WHAT TO WORK ON: Search the entries below for "assumes" and copy each matching line.
• • • • •
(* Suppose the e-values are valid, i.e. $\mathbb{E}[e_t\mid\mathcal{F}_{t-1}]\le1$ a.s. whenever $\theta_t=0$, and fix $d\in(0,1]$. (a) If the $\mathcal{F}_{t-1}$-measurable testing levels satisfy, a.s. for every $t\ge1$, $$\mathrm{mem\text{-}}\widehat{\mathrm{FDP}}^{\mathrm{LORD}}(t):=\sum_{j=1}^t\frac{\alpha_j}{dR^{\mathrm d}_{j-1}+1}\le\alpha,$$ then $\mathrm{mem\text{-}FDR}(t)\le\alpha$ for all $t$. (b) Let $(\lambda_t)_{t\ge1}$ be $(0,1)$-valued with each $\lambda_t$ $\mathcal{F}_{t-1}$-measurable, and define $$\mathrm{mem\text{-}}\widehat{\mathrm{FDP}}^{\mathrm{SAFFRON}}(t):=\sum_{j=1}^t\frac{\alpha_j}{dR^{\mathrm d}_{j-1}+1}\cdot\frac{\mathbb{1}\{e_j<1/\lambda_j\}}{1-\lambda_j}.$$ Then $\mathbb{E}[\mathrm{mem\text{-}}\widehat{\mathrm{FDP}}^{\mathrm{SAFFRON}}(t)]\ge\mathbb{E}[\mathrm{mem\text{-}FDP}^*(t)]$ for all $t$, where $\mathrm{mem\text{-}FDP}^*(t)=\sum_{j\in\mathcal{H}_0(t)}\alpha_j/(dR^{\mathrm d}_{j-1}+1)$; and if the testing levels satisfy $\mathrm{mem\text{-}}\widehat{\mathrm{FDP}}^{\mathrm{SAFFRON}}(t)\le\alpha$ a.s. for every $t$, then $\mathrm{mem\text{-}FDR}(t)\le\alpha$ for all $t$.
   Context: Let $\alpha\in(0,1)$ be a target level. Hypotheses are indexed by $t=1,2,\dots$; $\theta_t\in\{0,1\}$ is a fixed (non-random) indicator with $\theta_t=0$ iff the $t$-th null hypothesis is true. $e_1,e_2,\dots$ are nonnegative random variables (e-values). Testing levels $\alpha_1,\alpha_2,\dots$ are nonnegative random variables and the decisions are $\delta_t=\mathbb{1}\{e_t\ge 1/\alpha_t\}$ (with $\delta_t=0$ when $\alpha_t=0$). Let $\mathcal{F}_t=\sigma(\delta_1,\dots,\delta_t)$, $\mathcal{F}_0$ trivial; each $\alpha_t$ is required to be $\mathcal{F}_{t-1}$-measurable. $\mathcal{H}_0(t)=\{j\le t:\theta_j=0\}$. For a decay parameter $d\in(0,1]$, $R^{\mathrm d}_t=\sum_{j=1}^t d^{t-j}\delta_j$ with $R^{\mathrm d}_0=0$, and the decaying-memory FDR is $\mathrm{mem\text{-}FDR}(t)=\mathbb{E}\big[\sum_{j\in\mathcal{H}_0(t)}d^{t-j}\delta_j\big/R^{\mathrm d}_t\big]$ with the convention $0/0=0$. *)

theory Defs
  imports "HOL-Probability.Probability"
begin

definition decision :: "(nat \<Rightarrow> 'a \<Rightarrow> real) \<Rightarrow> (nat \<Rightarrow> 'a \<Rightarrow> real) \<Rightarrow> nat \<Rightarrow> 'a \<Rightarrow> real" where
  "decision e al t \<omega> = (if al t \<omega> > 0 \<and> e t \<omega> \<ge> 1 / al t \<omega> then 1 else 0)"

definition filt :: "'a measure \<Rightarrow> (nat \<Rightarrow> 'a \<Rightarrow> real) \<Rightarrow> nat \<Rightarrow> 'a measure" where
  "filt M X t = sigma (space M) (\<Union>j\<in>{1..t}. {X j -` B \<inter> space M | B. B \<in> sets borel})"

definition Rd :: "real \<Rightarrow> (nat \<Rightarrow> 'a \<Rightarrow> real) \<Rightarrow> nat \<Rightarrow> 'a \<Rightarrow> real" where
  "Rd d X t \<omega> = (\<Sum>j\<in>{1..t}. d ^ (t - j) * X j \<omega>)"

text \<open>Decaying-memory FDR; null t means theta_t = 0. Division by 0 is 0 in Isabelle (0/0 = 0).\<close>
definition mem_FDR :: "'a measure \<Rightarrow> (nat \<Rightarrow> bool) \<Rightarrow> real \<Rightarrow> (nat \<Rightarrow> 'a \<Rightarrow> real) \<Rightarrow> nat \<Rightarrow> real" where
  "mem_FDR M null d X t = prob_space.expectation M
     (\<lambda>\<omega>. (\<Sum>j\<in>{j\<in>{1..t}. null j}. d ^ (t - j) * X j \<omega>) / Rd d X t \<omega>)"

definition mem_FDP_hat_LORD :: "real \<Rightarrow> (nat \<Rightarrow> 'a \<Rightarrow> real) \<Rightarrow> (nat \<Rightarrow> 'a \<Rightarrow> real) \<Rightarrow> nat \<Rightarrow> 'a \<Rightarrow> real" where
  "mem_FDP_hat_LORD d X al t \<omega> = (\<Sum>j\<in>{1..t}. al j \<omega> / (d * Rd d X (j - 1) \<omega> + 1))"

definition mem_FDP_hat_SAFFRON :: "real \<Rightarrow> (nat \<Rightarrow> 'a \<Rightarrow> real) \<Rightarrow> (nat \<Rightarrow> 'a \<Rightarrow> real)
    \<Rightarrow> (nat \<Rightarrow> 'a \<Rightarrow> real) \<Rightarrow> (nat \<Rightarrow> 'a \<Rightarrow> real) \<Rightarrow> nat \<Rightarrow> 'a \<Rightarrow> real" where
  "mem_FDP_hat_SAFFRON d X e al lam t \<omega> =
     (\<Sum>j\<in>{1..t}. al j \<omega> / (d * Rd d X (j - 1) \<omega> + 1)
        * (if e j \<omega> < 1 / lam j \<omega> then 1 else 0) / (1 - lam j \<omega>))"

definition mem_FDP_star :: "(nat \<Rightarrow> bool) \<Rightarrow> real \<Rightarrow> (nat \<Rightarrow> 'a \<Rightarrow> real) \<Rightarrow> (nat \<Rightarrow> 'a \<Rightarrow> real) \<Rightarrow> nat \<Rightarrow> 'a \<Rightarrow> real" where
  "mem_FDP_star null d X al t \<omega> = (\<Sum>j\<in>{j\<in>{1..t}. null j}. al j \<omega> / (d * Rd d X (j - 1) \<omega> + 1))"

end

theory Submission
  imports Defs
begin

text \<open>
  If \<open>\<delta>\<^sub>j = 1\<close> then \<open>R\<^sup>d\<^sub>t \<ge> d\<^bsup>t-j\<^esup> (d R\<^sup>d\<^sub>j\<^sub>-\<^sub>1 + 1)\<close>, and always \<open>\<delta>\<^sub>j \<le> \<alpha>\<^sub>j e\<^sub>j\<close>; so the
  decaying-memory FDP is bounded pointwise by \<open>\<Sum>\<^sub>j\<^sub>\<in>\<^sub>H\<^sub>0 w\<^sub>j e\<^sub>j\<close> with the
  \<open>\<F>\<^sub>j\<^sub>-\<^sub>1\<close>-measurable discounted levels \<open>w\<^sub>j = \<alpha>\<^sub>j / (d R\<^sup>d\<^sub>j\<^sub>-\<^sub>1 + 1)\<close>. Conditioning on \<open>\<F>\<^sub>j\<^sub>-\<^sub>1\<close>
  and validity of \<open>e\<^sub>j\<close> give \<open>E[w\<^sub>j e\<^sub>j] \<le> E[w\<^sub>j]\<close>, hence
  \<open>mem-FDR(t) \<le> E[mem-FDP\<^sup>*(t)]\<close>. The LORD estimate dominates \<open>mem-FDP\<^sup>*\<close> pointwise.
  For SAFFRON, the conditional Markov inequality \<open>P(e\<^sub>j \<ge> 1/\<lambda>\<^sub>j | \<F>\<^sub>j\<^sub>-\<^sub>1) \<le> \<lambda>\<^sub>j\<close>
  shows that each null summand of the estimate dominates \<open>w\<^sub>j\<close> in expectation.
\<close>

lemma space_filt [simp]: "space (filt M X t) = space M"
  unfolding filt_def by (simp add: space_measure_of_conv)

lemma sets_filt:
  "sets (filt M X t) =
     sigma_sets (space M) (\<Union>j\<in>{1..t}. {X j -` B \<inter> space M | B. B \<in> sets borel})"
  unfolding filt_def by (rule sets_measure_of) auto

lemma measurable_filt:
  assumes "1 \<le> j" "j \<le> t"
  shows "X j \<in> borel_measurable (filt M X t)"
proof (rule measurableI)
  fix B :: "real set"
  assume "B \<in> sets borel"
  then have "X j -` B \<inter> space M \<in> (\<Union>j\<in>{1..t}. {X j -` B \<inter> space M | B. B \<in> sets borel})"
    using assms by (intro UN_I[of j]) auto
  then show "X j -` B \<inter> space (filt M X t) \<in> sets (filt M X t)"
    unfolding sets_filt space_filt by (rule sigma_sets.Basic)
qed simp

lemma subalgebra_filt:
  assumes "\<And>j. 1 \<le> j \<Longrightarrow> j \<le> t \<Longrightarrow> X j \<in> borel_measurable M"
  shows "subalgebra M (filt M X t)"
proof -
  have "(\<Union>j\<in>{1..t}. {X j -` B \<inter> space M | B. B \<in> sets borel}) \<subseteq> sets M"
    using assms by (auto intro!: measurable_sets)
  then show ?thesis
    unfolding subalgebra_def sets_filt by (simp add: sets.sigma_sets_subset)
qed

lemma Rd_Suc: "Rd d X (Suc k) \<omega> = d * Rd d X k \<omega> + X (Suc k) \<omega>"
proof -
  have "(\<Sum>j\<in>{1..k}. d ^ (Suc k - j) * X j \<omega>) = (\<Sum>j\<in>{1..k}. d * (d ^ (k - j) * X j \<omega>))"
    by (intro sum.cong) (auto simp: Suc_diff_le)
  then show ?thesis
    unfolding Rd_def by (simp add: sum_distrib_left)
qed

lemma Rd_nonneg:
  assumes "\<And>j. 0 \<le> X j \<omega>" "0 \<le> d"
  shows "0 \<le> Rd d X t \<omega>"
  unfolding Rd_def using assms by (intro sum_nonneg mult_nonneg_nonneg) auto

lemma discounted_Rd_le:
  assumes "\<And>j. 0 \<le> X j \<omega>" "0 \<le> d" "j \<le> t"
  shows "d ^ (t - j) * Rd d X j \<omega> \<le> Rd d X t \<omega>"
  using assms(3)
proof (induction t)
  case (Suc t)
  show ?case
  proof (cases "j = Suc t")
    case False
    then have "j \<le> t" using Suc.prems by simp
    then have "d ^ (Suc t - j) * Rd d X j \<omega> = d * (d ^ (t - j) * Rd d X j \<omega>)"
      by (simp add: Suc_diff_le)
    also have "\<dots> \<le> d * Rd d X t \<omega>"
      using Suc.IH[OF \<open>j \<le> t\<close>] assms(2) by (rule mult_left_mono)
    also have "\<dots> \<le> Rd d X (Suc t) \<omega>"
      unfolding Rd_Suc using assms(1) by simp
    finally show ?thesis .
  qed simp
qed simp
• • • • •
RESPONSE BOX:
  assumes "1 \<le> j" "j \<le> t"
  assumes "\<And>j. 1 \<le> j \<Longrightarrow> j \<le> t \<Longrightarrow> X j \<in> borel_measurable M"
  assumes "\<And>j. 0 \<le> X j \<omega>" "0 \<le> d"
  assumes "\<And>j. 0 \<le> X j \<omega>" "0 \<le> d" "j \<le> t"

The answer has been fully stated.